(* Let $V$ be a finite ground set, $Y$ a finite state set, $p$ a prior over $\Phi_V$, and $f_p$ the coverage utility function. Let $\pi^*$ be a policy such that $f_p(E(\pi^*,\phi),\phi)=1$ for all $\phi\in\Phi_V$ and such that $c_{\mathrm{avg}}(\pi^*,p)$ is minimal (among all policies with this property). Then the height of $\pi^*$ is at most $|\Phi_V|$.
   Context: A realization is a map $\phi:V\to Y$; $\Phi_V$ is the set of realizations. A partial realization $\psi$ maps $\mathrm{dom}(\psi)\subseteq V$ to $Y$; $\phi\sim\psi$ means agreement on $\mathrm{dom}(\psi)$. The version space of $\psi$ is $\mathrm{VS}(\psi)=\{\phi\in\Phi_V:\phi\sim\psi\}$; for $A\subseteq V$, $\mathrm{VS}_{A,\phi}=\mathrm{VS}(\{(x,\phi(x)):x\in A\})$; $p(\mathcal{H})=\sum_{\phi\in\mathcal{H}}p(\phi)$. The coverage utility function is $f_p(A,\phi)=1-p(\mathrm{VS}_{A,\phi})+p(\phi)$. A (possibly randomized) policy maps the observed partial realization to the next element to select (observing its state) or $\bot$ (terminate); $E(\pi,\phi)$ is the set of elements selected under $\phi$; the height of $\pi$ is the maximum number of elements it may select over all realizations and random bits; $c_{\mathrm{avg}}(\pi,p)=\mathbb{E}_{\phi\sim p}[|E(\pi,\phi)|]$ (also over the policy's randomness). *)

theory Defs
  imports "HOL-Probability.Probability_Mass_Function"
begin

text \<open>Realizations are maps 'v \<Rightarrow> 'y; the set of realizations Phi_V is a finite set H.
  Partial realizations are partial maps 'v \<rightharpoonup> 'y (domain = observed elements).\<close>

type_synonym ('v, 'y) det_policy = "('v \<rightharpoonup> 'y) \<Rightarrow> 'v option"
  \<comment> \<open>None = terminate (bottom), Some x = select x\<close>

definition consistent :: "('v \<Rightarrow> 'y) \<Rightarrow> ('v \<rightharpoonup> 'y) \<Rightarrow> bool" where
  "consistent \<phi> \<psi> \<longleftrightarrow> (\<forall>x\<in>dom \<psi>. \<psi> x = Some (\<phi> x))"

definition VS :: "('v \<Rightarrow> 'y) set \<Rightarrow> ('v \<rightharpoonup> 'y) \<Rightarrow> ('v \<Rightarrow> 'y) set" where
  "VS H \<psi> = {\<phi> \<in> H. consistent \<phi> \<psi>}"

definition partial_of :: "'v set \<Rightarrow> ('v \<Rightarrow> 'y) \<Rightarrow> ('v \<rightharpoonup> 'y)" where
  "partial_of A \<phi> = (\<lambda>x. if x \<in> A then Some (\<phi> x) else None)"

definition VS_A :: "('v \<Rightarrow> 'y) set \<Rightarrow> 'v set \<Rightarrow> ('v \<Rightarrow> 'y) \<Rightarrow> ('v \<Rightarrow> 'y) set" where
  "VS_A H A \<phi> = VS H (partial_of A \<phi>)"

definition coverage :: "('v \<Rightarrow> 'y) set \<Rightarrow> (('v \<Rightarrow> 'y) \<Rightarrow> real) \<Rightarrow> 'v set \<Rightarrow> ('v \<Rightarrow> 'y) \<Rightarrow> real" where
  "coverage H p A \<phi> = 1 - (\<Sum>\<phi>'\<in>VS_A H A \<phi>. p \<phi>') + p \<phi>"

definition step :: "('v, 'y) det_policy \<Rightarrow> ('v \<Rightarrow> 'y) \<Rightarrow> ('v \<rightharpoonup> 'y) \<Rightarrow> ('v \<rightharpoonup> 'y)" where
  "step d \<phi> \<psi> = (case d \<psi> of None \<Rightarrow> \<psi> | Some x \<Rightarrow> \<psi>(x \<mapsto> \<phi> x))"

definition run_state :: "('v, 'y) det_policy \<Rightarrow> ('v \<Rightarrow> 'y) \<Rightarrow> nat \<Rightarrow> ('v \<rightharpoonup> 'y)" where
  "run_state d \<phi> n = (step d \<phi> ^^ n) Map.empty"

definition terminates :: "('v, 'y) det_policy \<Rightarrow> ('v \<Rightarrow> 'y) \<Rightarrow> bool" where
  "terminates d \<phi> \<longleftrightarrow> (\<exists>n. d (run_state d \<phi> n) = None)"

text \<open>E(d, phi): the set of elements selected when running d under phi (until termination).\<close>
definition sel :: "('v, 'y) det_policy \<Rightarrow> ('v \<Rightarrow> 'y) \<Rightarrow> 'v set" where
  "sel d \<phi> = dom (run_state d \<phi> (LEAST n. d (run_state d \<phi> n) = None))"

• What to work on: Where does the string "step" appear in the records? Copy every line that holds it.

• Solution:
definition step :: "('v, 'y) det_policy \<Rightarrow> ('v \<Rightarrow> 'y) \<Rightarrow> ('v \<rightharpoonup> 'y) \<Rightarrow> ('v \<rightharpoonup> 'y)" where
  "step d \<phi> \<psi> = (case d \<psi> of None \<Rightarrow> \<psi> | Some x \<Rightarrow> \<psi>(x \<mapsto> \<phi> x))"
  "run_state d \<phi> n = (step d \<phi> ^^ n) Map.empty"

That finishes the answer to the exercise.